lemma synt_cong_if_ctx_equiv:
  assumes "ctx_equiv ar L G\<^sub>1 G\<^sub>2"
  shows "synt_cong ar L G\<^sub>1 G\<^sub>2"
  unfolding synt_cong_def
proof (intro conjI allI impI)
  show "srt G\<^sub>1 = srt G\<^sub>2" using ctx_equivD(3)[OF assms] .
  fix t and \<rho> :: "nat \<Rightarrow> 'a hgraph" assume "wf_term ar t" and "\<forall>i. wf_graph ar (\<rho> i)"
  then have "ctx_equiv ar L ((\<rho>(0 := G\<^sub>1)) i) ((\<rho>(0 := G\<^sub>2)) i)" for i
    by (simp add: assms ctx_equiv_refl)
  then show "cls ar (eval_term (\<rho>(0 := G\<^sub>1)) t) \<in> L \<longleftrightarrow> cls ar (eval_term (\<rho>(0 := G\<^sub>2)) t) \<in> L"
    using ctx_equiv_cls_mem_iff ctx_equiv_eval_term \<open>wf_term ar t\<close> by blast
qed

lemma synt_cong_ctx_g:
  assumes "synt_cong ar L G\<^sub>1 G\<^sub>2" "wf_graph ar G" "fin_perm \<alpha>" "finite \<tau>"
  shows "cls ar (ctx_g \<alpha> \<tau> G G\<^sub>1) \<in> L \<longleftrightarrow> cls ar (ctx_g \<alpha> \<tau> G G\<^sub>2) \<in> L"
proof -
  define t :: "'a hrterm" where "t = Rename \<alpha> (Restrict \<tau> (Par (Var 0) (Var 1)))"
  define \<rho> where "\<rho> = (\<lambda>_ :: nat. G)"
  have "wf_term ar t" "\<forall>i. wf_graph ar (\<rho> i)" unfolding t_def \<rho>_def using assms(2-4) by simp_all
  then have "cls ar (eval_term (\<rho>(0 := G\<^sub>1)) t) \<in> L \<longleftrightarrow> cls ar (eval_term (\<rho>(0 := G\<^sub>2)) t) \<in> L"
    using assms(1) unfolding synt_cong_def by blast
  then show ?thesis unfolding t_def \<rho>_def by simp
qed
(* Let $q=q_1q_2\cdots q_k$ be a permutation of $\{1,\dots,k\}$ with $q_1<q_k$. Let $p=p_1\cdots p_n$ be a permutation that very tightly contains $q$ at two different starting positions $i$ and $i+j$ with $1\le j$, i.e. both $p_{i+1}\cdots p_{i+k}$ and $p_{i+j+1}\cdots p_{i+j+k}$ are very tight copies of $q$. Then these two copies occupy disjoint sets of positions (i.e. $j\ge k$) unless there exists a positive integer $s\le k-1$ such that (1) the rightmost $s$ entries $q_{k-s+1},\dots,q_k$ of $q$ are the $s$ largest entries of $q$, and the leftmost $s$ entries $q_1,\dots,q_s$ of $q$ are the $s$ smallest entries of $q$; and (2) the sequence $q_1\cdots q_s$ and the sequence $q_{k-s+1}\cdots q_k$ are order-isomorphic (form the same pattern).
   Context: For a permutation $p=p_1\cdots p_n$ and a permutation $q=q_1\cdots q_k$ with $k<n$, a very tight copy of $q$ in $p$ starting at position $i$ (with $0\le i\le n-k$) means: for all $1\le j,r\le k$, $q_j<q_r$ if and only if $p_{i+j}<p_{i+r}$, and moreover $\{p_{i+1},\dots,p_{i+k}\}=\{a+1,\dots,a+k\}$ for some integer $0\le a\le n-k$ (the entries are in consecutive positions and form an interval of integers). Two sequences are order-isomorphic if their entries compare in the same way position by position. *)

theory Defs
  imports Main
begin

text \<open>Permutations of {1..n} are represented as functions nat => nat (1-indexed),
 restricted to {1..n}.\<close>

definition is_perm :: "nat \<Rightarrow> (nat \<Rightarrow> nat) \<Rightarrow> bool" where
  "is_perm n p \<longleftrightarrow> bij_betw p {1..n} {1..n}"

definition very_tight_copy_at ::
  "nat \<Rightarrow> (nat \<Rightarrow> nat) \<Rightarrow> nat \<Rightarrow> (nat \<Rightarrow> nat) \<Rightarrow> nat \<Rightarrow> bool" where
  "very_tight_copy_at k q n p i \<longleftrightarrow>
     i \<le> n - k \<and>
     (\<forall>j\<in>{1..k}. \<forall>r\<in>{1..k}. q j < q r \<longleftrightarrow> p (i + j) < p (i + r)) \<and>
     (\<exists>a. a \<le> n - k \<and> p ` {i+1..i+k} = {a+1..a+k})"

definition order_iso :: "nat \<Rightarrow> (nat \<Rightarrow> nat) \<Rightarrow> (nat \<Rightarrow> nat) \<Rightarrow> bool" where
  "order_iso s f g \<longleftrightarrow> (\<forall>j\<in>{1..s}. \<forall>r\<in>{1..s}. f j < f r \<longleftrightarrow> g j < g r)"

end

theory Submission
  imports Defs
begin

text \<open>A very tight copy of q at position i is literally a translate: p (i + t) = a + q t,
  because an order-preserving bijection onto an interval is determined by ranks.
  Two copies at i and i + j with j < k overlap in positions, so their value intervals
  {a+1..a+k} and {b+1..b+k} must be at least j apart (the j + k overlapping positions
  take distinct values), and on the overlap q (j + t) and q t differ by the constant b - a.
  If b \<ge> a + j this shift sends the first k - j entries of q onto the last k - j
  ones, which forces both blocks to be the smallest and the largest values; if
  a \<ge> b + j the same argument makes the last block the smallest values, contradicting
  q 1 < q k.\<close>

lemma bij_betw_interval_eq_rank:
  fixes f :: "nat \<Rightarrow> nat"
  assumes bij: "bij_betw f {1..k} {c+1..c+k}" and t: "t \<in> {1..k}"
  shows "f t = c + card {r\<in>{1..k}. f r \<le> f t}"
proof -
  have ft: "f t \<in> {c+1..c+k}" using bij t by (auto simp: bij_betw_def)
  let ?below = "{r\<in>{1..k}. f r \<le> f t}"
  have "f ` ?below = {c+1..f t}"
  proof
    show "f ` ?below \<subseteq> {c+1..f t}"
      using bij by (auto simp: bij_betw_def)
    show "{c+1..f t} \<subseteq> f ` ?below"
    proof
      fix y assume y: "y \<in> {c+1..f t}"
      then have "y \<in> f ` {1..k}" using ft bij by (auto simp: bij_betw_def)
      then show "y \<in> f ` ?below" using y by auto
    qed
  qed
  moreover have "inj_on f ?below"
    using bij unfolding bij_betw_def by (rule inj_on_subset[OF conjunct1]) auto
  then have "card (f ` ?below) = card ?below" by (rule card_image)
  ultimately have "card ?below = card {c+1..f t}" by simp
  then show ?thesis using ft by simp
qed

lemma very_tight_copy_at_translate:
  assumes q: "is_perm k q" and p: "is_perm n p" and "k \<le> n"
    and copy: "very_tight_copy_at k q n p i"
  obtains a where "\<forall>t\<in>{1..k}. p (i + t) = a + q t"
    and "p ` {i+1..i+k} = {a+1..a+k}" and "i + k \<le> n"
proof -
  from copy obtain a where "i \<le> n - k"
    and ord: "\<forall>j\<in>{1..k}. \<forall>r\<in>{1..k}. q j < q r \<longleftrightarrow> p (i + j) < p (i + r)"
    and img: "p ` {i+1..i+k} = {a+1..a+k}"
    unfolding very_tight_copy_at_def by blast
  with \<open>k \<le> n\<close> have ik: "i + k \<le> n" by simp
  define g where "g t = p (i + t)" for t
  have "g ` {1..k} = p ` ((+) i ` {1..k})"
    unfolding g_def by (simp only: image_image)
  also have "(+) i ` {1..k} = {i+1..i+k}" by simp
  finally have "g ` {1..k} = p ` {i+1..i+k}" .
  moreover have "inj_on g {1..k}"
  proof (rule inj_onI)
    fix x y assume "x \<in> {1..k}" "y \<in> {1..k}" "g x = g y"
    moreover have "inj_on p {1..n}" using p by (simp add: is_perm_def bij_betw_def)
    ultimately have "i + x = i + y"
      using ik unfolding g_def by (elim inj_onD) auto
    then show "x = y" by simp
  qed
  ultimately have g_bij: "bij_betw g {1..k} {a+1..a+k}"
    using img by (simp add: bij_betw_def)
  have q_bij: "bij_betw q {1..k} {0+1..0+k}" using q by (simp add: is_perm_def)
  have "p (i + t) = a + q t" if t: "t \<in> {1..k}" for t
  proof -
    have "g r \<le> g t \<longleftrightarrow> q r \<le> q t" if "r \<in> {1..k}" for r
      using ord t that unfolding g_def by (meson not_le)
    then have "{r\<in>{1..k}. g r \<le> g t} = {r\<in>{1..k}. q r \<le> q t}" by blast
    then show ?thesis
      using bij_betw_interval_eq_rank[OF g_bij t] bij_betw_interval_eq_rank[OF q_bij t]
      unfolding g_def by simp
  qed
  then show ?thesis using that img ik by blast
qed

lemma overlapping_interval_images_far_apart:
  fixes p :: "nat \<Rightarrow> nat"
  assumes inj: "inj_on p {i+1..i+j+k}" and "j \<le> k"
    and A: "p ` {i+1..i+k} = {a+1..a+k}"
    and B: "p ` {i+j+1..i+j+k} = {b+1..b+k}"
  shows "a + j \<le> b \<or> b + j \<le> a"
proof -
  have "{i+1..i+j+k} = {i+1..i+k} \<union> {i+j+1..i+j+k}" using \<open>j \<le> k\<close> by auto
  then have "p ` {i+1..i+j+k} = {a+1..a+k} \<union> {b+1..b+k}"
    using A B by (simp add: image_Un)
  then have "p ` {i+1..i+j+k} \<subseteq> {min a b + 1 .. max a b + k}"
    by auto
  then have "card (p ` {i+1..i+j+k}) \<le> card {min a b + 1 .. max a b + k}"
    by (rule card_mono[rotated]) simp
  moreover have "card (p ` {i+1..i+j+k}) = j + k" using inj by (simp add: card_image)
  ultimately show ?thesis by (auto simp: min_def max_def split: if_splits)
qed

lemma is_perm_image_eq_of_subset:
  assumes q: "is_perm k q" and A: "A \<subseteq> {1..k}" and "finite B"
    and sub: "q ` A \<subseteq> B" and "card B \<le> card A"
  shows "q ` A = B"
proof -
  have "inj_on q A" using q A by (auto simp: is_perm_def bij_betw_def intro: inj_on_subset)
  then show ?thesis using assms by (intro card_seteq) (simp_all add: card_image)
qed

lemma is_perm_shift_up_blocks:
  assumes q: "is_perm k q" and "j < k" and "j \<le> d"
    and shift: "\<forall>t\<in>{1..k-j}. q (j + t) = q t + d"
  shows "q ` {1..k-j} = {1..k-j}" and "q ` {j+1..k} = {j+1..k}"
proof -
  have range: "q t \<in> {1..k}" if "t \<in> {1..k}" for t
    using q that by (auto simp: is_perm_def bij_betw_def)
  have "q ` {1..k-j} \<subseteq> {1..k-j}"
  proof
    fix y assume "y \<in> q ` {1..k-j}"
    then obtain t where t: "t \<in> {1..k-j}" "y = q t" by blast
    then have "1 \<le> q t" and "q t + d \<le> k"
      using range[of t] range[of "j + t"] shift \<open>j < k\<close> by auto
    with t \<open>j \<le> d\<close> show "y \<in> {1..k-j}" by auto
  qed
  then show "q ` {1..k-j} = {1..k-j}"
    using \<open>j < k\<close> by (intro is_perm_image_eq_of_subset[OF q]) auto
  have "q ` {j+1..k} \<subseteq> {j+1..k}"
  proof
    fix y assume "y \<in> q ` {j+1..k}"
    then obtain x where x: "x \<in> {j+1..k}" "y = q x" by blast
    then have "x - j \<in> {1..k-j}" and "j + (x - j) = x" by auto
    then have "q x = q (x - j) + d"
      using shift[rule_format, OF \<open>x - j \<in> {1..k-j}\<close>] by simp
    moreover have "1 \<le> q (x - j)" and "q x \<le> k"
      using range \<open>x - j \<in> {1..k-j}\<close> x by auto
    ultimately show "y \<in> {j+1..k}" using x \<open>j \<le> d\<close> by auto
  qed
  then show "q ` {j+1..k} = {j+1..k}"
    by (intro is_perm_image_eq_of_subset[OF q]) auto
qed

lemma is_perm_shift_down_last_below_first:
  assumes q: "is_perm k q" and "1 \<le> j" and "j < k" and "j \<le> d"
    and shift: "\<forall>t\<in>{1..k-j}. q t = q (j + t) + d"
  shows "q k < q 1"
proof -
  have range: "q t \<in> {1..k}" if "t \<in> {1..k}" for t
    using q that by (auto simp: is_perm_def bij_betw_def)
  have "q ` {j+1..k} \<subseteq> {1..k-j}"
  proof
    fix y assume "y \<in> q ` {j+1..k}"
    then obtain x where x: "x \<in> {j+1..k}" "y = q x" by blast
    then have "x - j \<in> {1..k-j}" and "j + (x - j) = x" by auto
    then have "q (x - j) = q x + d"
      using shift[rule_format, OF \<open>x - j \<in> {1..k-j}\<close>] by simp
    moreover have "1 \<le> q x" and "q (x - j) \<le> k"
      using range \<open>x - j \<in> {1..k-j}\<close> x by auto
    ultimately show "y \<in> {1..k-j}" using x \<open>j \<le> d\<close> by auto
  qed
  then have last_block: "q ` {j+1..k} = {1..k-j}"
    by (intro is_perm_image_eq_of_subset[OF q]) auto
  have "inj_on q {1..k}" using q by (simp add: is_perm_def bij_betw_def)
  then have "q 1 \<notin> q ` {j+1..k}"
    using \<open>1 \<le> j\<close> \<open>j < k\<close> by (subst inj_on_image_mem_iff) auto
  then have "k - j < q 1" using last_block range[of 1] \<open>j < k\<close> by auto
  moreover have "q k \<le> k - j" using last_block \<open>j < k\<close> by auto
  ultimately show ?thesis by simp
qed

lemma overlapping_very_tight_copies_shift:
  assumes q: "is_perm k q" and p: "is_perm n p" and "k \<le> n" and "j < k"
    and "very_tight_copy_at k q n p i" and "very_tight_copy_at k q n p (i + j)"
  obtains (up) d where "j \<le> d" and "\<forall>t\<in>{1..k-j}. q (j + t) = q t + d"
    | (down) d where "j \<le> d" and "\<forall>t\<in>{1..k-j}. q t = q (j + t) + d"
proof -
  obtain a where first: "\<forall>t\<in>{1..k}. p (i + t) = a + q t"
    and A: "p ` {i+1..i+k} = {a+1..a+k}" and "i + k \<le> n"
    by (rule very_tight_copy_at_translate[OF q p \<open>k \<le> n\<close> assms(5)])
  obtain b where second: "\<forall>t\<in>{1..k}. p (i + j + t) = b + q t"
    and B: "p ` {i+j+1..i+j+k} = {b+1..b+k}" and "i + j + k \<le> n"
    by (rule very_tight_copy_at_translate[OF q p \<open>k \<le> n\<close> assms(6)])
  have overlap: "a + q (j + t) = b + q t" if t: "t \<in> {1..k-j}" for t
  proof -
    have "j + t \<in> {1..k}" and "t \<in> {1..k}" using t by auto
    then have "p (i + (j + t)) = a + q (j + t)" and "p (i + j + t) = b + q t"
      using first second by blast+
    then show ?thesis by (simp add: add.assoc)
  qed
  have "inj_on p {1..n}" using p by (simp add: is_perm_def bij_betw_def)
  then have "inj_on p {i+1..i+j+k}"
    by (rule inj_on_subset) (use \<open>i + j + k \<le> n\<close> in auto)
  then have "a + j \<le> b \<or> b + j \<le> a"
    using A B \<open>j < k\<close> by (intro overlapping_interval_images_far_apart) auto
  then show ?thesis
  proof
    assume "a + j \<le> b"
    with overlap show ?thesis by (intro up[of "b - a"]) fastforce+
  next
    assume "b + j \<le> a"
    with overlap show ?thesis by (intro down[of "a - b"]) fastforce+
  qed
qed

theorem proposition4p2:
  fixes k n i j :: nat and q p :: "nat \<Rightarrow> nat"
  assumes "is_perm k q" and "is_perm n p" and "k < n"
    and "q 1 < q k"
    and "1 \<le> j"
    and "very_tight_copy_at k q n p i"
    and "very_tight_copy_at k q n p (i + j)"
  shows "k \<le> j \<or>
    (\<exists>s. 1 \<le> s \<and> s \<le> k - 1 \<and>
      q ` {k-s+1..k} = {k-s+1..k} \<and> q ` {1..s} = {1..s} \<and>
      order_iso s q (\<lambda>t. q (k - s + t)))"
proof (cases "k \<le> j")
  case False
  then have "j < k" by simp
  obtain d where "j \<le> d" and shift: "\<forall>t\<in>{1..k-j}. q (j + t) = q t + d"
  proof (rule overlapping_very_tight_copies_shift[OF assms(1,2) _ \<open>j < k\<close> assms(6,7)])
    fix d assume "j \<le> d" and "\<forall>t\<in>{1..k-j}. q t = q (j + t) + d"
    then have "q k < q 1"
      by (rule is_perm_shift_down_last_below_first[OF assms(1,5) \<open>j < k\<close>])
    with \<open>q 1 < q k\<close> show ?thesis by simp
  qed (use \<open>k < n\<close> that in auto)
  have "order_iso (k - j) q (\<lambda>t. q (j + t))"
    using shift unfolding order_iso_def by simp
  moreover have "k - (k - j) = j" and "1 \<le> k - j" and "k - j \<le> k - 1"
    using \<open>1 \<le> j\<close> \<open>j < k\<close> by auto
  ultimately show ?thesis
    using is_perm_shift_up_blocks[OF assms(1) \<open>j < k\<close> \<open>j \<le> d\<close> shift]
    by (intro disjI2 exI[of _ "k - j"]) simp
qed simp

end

- - -

Work task: Using the material above, report each line where "shows" occurs.

Exercise result:
  shows "synt_cong ar L G\<^sub>1 G\<^sub>2"
  shows "cls ar (ctx_g \<alpha> \<tau> G G\<^sub>1) \<in> L \<longleftrightarrow> cls ar (ctx_g \<alpha> \<tau> G G\<^sub>2) \<in> L"
  shows "f t = c + card {r\<in>{1..k}. f r \<le> f t}"
  shows "a + j \<le> b \<or> b + j \<le> a"
  shows "q ` A = B"
  shows "q ` {1..k-j} = {1..k-j}" and "q ` {j+1..k} = {j+1..k}"
  shows "q k < q 1"
  shows "k \<le> j \<or>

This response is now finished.